#### Provided material ####

inductive axiom :: "nat \<Rightarrow> form \<Rightarrow> bool" for n where
  A1: "\<lbrakk>wf n \<phi>; wf n \<psi>\<rbrakk> \<Longrightarrow> axiom n (Imp \<phi> (Imp \<psi> \<phi>))"
| A2: "\<lbrakk>wf n \<phi>; wf n \<psi>; wf n \<chi>\<rbrakk> \<Longrightarrow>
     axiom n (Imp (Imp \<phi> (Imp \<psi> \<chi>)) (Imp (Imp \<phi> \<psi>) (Imp \<phi> \<chi>)))"
| A3: "\<lbrakk>wf n \<phi>; wf n \<psi>\<rbrakk> \<Longrightarrow>
     axiom n (Imp (Imp (SNeg n \<psi>) (SNeg n \<phi>)) (Imp (Imp (SNeg n \<psi>) \<phi>) \<psi>))"
| A4: "\<lbrakk>wf n \<phi>; chain n c\<rbrakk> \<Longrightarrow> axiom n (Imp \<phi> (Imp (Bot c) (Neg c \<phi>)))"
| A5: "\<lbrakk>wf n \<phi>; chain n c; chain n d\<rbrakk> \<Longrightarrow>
     axiom n (Iff n (Neg c (Neg d \<phi>)) (neg (cocat c d) \<phi>))"
| A6: "\<lbrakk>chain n c; chain n d\<rbrakk> \<Longrightarrow>
     axiom n (Iff n (Neg c (Bot d)) (Bot (cocat c d)))"
| A7: "\<lbrakk>chain n c; chain n d; d \<subseteq> c\<rbrakk> \<Longrightarrow> axiom n (Imp (Bot c) (Bot d))"

inductive deriv :: "nat \<Rightarrow> form set \<Rightarrow> form \<Rightarrow> bool" for n \<Sigma> where
  ax: "axiom n \<phi> \<Longrightarrow> deriv n \<Sigma> \<phi>"
| hyp: "\<phi> \<in> \<Sigma> \<Longrightarrow> deriv n \<Sigma> \<phi>"
| mp: "\<lbrakk>deriv n \<Sigma> \<phi>; deriv n \<Sigma> (Imp \<phi> \<psi>)\<rbrakk> \<Longrightarrow> deriv n \<Sigma> \<psi>"

abbreviation provable :: "nat \<Rightarrow> form \<Rightarrow> bool" where "provable n \<phi> \<equiv> deriv n {} \<phi>"

end

theory Submission
  imports Defs
begin

text \<open>
  With respect to the strong negation, A1--A3 and modus ponens form classical propositional
  logic: the deduction theorem, reductio, conjunction and case distinction are available.
  Weak negations are handled by A4--A6: given \<open>\<bottom>\<^sub>d\<close>, A4 prefixes \<open>\<not>\<^sub>d\<close> to anything derived,
  and A5/A6 collapse \<open>\<not>\<^sub>d \<not>\<^sub>c\<close> into \<open>\<not>\<^bsub>d \<otimes> c\<^esub>\<close>.  For \<open>d = c\<close> (where \<open>d \<otimes> c = \<epsilon>\<close>) this
  cancels \<open>\<not>\<^sub>c\<close>; for \<open>d = c'\<close> (where \<open>d \<otimes> c = (n)\<close>) it turns \<open>\<not>\<^sub>c\<close> into the strong negation.
  Moreover \<open>\<not>\<^sub>(\<^sub>n\<^sub>) \<bottom>\<^sub>c\<close> yields \<open>\<bottom>\<^sub>c\<^sub>'\<close> by A6.
\<close>

definition wf_hyps :: "nat \<Rightarrow> form set \<Rightarrow> bool" where
  "wf_hyps n \<Gamma> \<longleftrightarrow> (\<forall>\<psi>\<in>\<Gamma>. wf n \<psi>)"

lemma wf_hyps_empty [simp]: "wf_hyps n {}"
  by (simp add: wf_hyps_def)

lemma wf_hyps_insert [simp]: "wf_hyps n (insert \<psi> \<Gamma>) \<longleftrightarrow> wf n \<psi> \<and> wf_hyps n \<Gamma>"
  by (simp add: wf_hyps_def)

lemma neg_empty [simp]: "neg {} \<phi> = \<phi>"
  by (simp add: neg_def)

lemma neg_nonempty [simp]: "c \<noteq> {} \<Longrightarrow> neg c \<phi> = Neg c \<phi>"
  by (simp add: neg_def)

lemma wf_neg [simp]: "wf n (neg c \<phi>) \<longleftrightarrow> wf n \<phi> \<and> c \<subseteq> {1..n}"
  by (auto simp: neg_def)

lemma wf_SNeg [simp]: "wf n (SNeg n \<phi>) \<longleftrightarrow> 0 < n \<and> wf n \<phi>"
  by (auto simp: SNeg_def full_def)

lemma wf_Conj [simp]: "wf n (Conj n \<phi> \<psi>) \<longleftrightarrow> 0 < n \<and> wf n \<phi> \<and> wf n \<psi>"
  by (auto simp: Conj_def)

lemma wf_Iff [simp]: "wf n (Iff n \<phi> \<psi>) \<longleftrightarrow> 0 < n \<and> wf n \<phi> \<and> wf n \<psi>"
  by (auto simp: Iff_def)

lemma chain_full: "0 < n \<Longrightarrow> chain n (full n)"
  by (auto simp: chain_def full_def)

lemma chain_subset_full: "chain n c \<Longrightarrow> c \<subseteq> full n"
  by (simp add: chain_def full_def)

lemma chain_complement: "chain n c \<Longrightarrow> c \<noteq> full n \<Longrightarrow> chain n (full n - c)"
  by (auto simp: chain_def full_def)

lemma cocat_self [simp]: "cocat c c = {}"
  by (simp add: cocat_def)

lemma cocat_Diff_self_left: "c \<subseteq> A \<Longrightarrow> cocat (A - c) c = A"
  by (auto simp: cocat_def)

lemma cocat_Diff_self_right: "c \<subseteq> A \<Longrightarrow> cocat c (A - c) = A"
  by (auto simp: cocat_def)

lemma cocat_superset_left: "c \<subseteq> A \<Longrightarrow> cocat A c = A - c"
  by (auto simp: cocat_def)

lemma cocat_Diff_superset: "c \<subseteq> A \<Longrightarrow> cocat (A - c) A = c"
  by (auto simp: cocat_def)

lemma axiom_wf: "axiom n \<phi> \<Longrightarrow> 0 < n \<Longrightarrow> wf n \<phi>"
  by (induction rule: axiom.induct) (auto simp: chain_def cocat_def)

lemma deriv_wf: "deriv n \<Gamma> \<phi> \<Longrightarrow> 0 < n \<Longrightarrow> wf_hyps n \<Gamma> \<Longrightarrow> wf n \<phi>"
  by (induction rule: deriv.induct) (auto simp: axiom_wf wf_hyps_def)

lemma deriv_mono: "deriv n \<Gamma> \<phi> \<Longrightarrow> \<Gamma> \<subseteq> \<Delta> \<Longrightarrow> deriv n \<Delta> \<phi>"
  by (induction rule: deriv.induct) (auto intro: deriv.intros)

lemma deriv_insert: "deriv n \<Gamma> \<phi> \<Longrightarrow> deriv n (insert \<psi> \<Gamma>) \<phi>"
  by (erule deriv_mono) blast

lemma deriv_K: "wf n \<phi> \<Longrightarrow> wf n \<psi> \<Longrightarrow> deriv n \<Gamma> (Imp \<phi> (Imp \<psi> \<phi>))"
  by (intro deriv.ax axiom.A1)

lemma deriv_S:
  "wf n \<phi> \<Longrightarrow> wf n \<psi> \<Longrightarrow> wf n \<chi> \<Longrightarrow>
    deriv n \<Gamma> (Imp (Imp \<phi> (Imp \<psi> \<chi>)) (Imp (Imp \<phi> \<psi>) (Imp \<phi> \<chi>)))"
  by (intro deriv.ax axiom.A2)

lemma deriv_Imp_self: "wf n \<phi> \<Longrightarrow> deriv n \<Gamma> (Imp \<phi> \<phi>)"
  by (meson deriv.mp deriv_K deriv_S wf.simps(4))

lemma deduction:
  "deriv n (insert \<phi> \<Gamma>) \<psi> \<Longrightarrow> 0 < n \<Longrightarrow> wf n \<phi> \<Longrightarrow> wf_hyps n \<Gamma> \<Longrightarrow>
    deriv n \<Gamma> (Imp \<phi> \<psi>)"
proof (induction rule: deriv.induct)
  case (ax \<chi>)
  then show ?case by (meson axiom_wf deriv.ax deriv.mp deriv_K)
next
  case (hyp \<chi>)
  then show ?case
    by (cases "\<chi> = \<phi>")
      (auto simp: wf_hyps_def intro: deriv_Imp_self deriv.mp[OF deriv.hyp deriv_K])
next
  case (mp \<chi> \<psi>)
  then have "wf n \<chi>" "wf n \<psi>" using deriv_wf[OF mp.hyps(2)] by auto
  then show ?case using mp by (meson deriv.mp deriv_S)
qed

context
  fixes n :: nat
  assumes n_pos: "0 < n"
begin

declare n_pos [simp]

lemma full_nonempty [simp]: "full n \<noteq> {}"
  by (simp add: full_def Suc_le_eq)

lemma reductio:
  assumes "wf_hyps n \<Gamma>" "wf n \<phi>" "wf n \<psi>"
    and "deriv n (insert (SNeg n \<phi>) \<Gamma>) \<psi>" "deriv n (insert (SNeg n \<phi>) \<Gamma>) (SNeg n \<psi>)"
  shows "deriv n \<Gamma> \<phi>"
proof -
  have "deriv n \<Gamma> (Imp (SNeg n \<phi>) \<psi>)" "deriv n \<Gamma> (Imp (SNeg n \<phi>) (SNeg n \<psi>))"
    using assms by (simp_all add: deduction)
  moreover have "deriv n \<Gamma> (Imp (Imp (SNeg n \<phi>) (SNeg n \<psi>)) (Imp (Imp (SNeg n \<phi>) \<psi>) \<phi>))"
    using assms by (intro deriv.ax axiom.A3)
  ultimately show ?thesis by (meson deriv.mp)
qed

lemma explosion:
  assumes "wf_hyps n \<Gamma>" "wf n \<phi>" "deriv n \<Gamma> \<phi>" "deriv n \<Gamma> (SNeg n \<phi>)" "wf n \<psi>"
  shows "deriv n \<Gamma> \<psi>"
  by (rule reductio[of \<Gamma> \<psi> \<phi>]) (use assms in \<open>simp_all add: deriv_insert\<close>)

lemma double_negation_elim:
  assumes "wf_hyps n \<Gamma>" "wf n \<phi>" "deriv n \<Gamma> (SNeg n (SNeg n \<phi>))"
  shows "deriv n \<Gamma> \<phi>"
  by (rule reductio[of \<Gamma> \<phi> "SNeg n \<phi>"]) (use assms in \<open>simp_all add: deriv_insert deriv.hyp\<close>)

lemma excluded_middle_cases:
  assumes \<Gamma>: "wf_hyps n \<Gamma>" and wf: "wf n \<phi>" "wf n \<psi>"
    and pos: "deriv n (insert \<phi> \<Gamma>) \<psi>" and neg: "deriv n (insert (SNeg n \<phi>) \<Gamma>) \<psi>"
  shows "deriv n \<Gamma> \<psi>"
proof -
  let ?\<Delta> = "insert (SNeg n \<psi>) \<Gamma>"
  have "deriv n ?\<Delta> (SNeg n \<phi>)"
  proof (rule reductio[of _ _ \<psi>])
    let ?\<Theta> = "insert (SNeg n (SNeg n \<phi>)) ?\<Delta>"
    have "deriv n ?\<Theta> \<phi>"
      by (rule double_negation_elim) (use \<Gamma> wf in \<open>simp_all add: deriv.hyp\<close>)
    moreover have "deriv n ?\<Theta> (Imp \<phi> \<psi>)"
      using deduction[OF pos] \<Gamma> wf by (simp add: deriv_insert)
    ultimately show "deriv n ?\<Theta> \<psi>" by (rule deriv.mp)
  qed (use \<Gamma> wf in \<open>simp_all add: deriv.hyp\<close>)
  moreover have "deriv n ?\<Delta> (Imp (SNeg n \<phi>) \<psi>)"
    using deduction[OF neg] \<Gamma> wf by (simp add: deriv_insert)
  ultimately have "deriv n ?\<Delta> \<psi>" by (rule deriv.mp)
  with \<Gamma> wf show ?thesis
    by (intro reductio[of \<Gamma> \<psi> \<psi>]) (simp_all add: deriv.hyp)
qed

lemma ConjD1:
  assumes "wf_hyps n \<Gamma>" "wf n \<phi>" "wf n \<psi>" "deriv n \<Gamma> (Conj n \<phi> \<psi>)"
  shows "deriv n \<Gamma> \<phi>"
proof (rule reductio[of _ _ "Imp \<phi> (SNeg n \<psi>)"])
  have "deriv n (insert \<phi> (insert (SNeg n \<phi>) \<Gamma>)) (SNeg n \<psi>)"
    by (rule explosion[of _ \<phi>]) (use assms in \<open>simp_all add: deriv.hyp\<close>)
  then show "deriv n (insert (SNeg n \<phi>) \<Gamma>) (Imp \<phi> (SNeg n \<psi>))"
    using assms by (simp add: deduction)
qed (use assms in \<open>simp_all add: Conj_def deriv_insert\<close>)

lemma ConjD2:
  assumes "wf_hyps n \<Gamma>" "wf n \<phi>" "wf n \<psi>" "deriv n \<Gamma> (Conj n \<phi> \<psi>)"
  shows "deriv n \<Gamma> \<psi>"
proof (rule reductio[of _ _ "Imp \<phi> (SNeg n \<psi>)"])
  show "deriv n (insert (SNeg n \<psi>) \<Gamma>) (Imp \<phi> (SNeg n \<psi>))"
    by (rule deduction) (use assms in \<open>simp_all add: deriv.hyp\<close>)
qed (use assms in \<open>simp_all add: Conj_def deriv_insert\<close>)

lemma ConjI:
  assumes \<Gamma>: "wf_hyps n \<Gamma>" and wf: "wf n \<phi>" "wf n \<psi>"
    and "deriv n \<Gamma> \<phi>" "deriv n \<Gamma> \<psi>"
  shows "deriv n \<Gamma> (Conj n \<phi> \<psi>)"
  unfolding Conj_def
proof (rule reductio[of _ _ \<psi>])
  let ?\<Delta> = "insert (SNeg n (SNeg n (Imp \<phi> (SNeg n \<psi>)))) \<Gamma>"
  have "deriv n ?\<Delta> (Imp \<phi> (SNeg n \<psi>))"
    by (rule double_negation_elim) (use \<Gamma> wf in \<open>simp_all add: deriv.hyp\<close>)
  then show "deriv n ?\<Delta> (SNeg n \<psi>)"
    using assms by (meson deriv.mp deriv_insert)
qed (use assms in \<open>simp_all add: deriv_insert\<close>)

lemma IffD1:
  assumes "wf_hyps n \<Gamma>" "wf n \<phi>" "wf n \<psi>" "deriv n \<Gamma> (Iff n \<phi> \<psi>)" "deriv n \<Gamma> \<phi>"
  shows "deriv n \<Gamma> \<psi>"
  using assms ConjD1[of \<Gamma> "Imp \<phi> \<psi>" "Imp \<psi> \<phi>"] by (simp add: Iff_def) (meson deriv.mp)

lemma Neg_intro:
  "chain n c \<Longrightarrow> wf n \<phi> \<Longrightarrow> deriv n \<Gamma> \<phi> \<Longrightarrow> deriv n \<Gamma> (Bot c) \<Longrightarrow>
    deriv n \<Gamma> (Neg c \<phi>)"
  by (meson axiom.A4 deriv.ax deriv.mp)

lemma Neg_Neg_cocat:
  assumes "wf_hyps n \<Gamma>" "chain n c" "chain n d" "wf n \<phi>" "deriv n \<Gamma> (Neg c (Neg d \<phi>))"
  shows "deriv n \<Gamma> (neg (cocat c d) \<phi>)"
proof (rule IffD1)
  show "deriv n \<Gamma> (Iff n (Neg c (Neg d \<phi>)) (neg (cocat c d) \<phi>))"
    using assms by (intro deriv.ax axiom.A5)
qed (use assms in \<open>auto simp: chain_def cocat_def\<close>)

####

## Goal of the exercise
Lines containing the word "into" must be found in the data above and copied.

## Output of the exercise
  and A5/A6 collapse \<open>\<not>\<^sub>d \<not>\<^sub>c\<close> into \<open>\<not>\<^bsub>d \<otimes> c\<^esub>\<close>.  For \<open>d = c\<close> (where \<open>d \<otimes> c = \<epsilon>\<close>) this
  cancels \<open>\<not>\<^sub>c\<close>; for \<open>d = c'\<close> (where \<open>d \<otimes> c = (n)\<close>) it turns \<open>\<not>\<^sub>c\<close> into the strong negation.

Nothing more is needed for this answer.